[bitcoin-dev] Transaction Input/Output Sorting

rhavar at protonmail.com rhavar at protonmail.com
Wed Oct 24 18:21:00 UTC 2018


Actually, I think it can be calculated a bit smarter using maths (which unfortunately I'm not very good at...). But I assume it's something like:

```
falsePositiveChances := 0.0

foreach( transaction of transactions) {
	falsePositiveChances += (1 / factorial(transaction.Inputs)) * (1 / factorial(transaction.Ouputs))
}

totalFalsePositives := falsePositiveChances / transactions.length
```

If so, I get 42.4% false positive rate. So clearly bip69 is getting used a fair bit, but not nearly as much as randomization.


-Ryan

‐‐‐‐‐‐‐ Original Message ‐‐‐‐‐‐‐
On Wednesday, October 24, 2018 10:52 AM, <rhavar at protonmail.com> wrote:

> That's pretty easy to quantify.

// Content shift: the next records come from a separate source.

definition l1ball :: "'w measure \<Rightarrow> ('w \<Rightarrow> real) \<Rightarrow> real \<Rightarrow> ('w \<Rightarrow> real) set" where
  "l1ball M \<mu> \<epsilon> = {\<mu>' \<in> priors M. l1dist M \<mu> \<mu>' \<le> \<epsilon>}"

text \<open>Signaling schemes: pi s w a = probability of recommending a in state s, outcome w;
  a distribution on the finite action set, measurable in the outcome.\<close>
definition schemes :: "'w measure \<Rightarrow> ('s \<Rightarrow> 'w \<Rightarrow> 'a::finite \<Rightarrow> real) set" where
  "schemes M = {\<pi>. \<forall>s. (\<forall>a. (\<lambda>\<omega>. \<pi> s \<omega> a) \<in> borel_measurable M)
      \<and> (\<forall>\<omega>\<in>space M. (\<forall>a. 0 \<le> \<pi> s \<omega> a) \<and> (\<Sum>a\<in>UNIV. \<pi> s \<omega> a) = 1)}"

definition Pers :: "'w measure \<Rightarrow> ('w \<Rightarrow> real) \<Rightarrow> ('s \<Rightarrow> 'w \<Rightarrow> 'a::finite \<Rightarrow> real)
    \<Rightarrow> ('s \<Rightarrow> 'w \<Rightarrow> 'a \<Rightarrow> real) set" where
  "Pers M \<mu> u = {\<pi> \<in> schemes M. \<forall>s a a'.
      (\<integral>\<omega>. \<mu> \<omega> * \<pi> s \<omega> a * (u s \<omega> a - u s \<omega> a') \<partial>M) \<ge> 0}"

definition PersSet :: "'w measure \<Rightarrow> ('w \<Rightarrow> real) set \<Rightarrow> ('s \<Rightarrow> 'w \<Rightarrow> 'a::finite \<Rightarrow> real)
    \<Rightarrow> ('s \<Rightarrow> 'w \<Rightarrow> 'a \<Rightarrow> real) set" where
  "PersSet M B u = {\<pi> \<in> schemes M. \<forall>\<mu>'\<in>B. \<pi> \<in> Pers M \<mu>' u}"

definition pairing :: "'w measure \<Rightarrow> ('s \<Rightarrow> 'w \<Rightarrow> 'a::finite \<Rightarrow> real) \<Rightarrow> ('w \<Rightarrow> real)
    \<Rightarrow> ('s \<Rightarrow> 'w \<Rightarrow> 'a \<Rightarrow> real) \<Rightarrow> 's \<Rightarrow> real" where
  "pairing M Q \<mu> \<pi> s = (\<integral>\<omega>. \<mu> \<omega> * (\<Sum>a\<in>UNIV. \<pi> s \<omega> a * Q s \<omega> a) \<partial>M)"

definition Gap :: "'w measure \<Rightarrow> ('s \<Rightarrow> 'w \<Rightarrow> 'a::finite \<Rightarrow> real) \<Rightarrow> 's \<Rightarrow> ('w \<Rightarrow> real)
    \<Rightarrow> ('w \<Rightarrow> real) set \<Rightarrow> ('s \<Rightarrow> 'w \<Rightarrow> 'a \<Rightarrow> real) \<Rightarrow> real" where
  "Gap M u s \<mu> B Q =
     (SUP \<pi>\<in>Pers M \<mu> u. pairing M Q \<mu> \<pi> s) - (SUP \<pi>\<in>PersSet M B u. pairing M Q \<mu> \<pi> s)"

definition Wset :: "'w measure \<Rightarrow> ('s \<Rightarrow> 'w \<Rightarrow> 'a \<Rightarrow> real) \<Rightarrow> 's \<Rightarrow> 'a \<Rightarrow> real \<Rightarrow> 'w set" where
  "Wset M u s a D = {\<omega> \<in> space M. \<forall>a'. a' \<noteq> a \<longrightarrow> u s \<omega> a - u s \<omega> a' \<ge> D}"

definition regular :: "'w measure \<Rightarrow> ('s \<Rightarrow> 'w \<Rightarrow> 'a \<Rightarrow> real) \<Rightarrow> ('w \<Rightarrow> real) \<Rightarrow> 's
    \<Rightarrow> real \<Rightarrow> real \<Rightarrow> bool" where
  "regular M u \<mu> s p0 D = (\<forall>a. (\<integral>\<omega>. \<mu> \<omega> * indicator (Wset M u s a D) \<omega> \<partial>M) \<ge> p0)"

end

theory Submission
  imports Defs
begin

(*
  Let \<sigma> recommend, in every state and outcome, a uniformly chosen maximiser of u.  Its obedience
  integrands are pointwise nonnegative, so \<sigma> is persuasive under every prior.  Given \<pi> persuasive
  for \<mu>, play (1 - \<delta>) \<pi> + \<delta> \<sigma> in state s (and \<sigma> elsewhere), with \<delta> = \<epsilon> / (p0 D).  Passing from \<mu> to a prior \<mu>'
  at L1-distance d \<le> \<epsilon> changes each obedience integral by at most d, so the \<pi>-part loses at most
  (1 - \<delta>) d.  On W_{s,a}(D), which has \<mu>'-mass at least p0 - d, \<sigma> recommends a with margin D, so
  the \<sigma>-part gains at least \<delta> D (p0 - d); as d \<le> \<delta> D p0 and D \<le> 1, the gain covers the loss.  The mixture costs the
  sender at most \<delta> H, and for \<epsilon> \<ge> p0 D the scheme \<sigma> alone does the job.
*)

lemma cSUP_diff_le:
  fixes f g :: "'x \<Rightarrow> real"
  assumes "A \<noteq> {}" "bdd_above (g ` B)" "\<And>x. x \<in> A \<Longrightarrow> \<exists>y\<in>B. f x \<le> g y + c"
  shows "(SUP x\<in>A. f x) - (SUP y\<in>B. g y) \<le> c"
proof -
  have "(SUP x\<in>A. f x) \<le> (SUP y\<in>B. g y) + c"
  proof (rule cSUP_least[OF assms(1)])
    fix x
    assume "x \<in> A"
    then obtain y where "y \<in> B" "f x \<le> g y + c"
      using assms(3) by blast
    moreover have "g y \<le> (SUP y\<in>B. g y)"
      using \<open>y \<in> B\<close> assms(2) by (rule cSUP_upper)
    ultimately show "f x \<le> (SUP y\<in>B. g y) + c"
      by linarith
  qed
  then show ?thesis by simp
qed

I wrote a quick script to grab the last few blocks, and then shuffle the inputs/outputs before testing if each transaction is bip69 or not.
>
> The result was 42% of all transactions would accidentally be bip69 when randomized.
>
> So clearly randomization is a lot more popular than bip69 at the moment, but I'm not sure that it matters much. As soon as you have more than a few inputs/outputs, you can tell with a high confidence if the transaction is bip69 or not.
>
> And of course if you're clustering a wallet, you can figure out extremely easily how that wallet behaves wrt bip6.
>
> -Ryan
>
> ‐‐‐‐‐‐‐ Original Message ‐‐‐‐‐‐‐
> On Wednesday, October 24, 2018 9:12 AM, Gregory Maxwell via bitcoin-dev bitcoin-dev at lists.linuxfoundation.org wrote:
>
> > On Wed, Oct 24, 2018 at 3:52 PM Chris Belcher via bitcoin-dev
> > bitcoin-dev at lists.linuxfoundation.org wrote:
> >
> > > Thanks for bringing our attention to this important topic.
> > > According to (https://p2sh.info/dashboard/db/bip-69-stats) around 60% of
> > > transaction follow bip69 (possibly just by chance).
> >
> > A two input randomly ordered transaction has a 50% chance of
> > 'following' bip-69. So 60% sound like a small minority.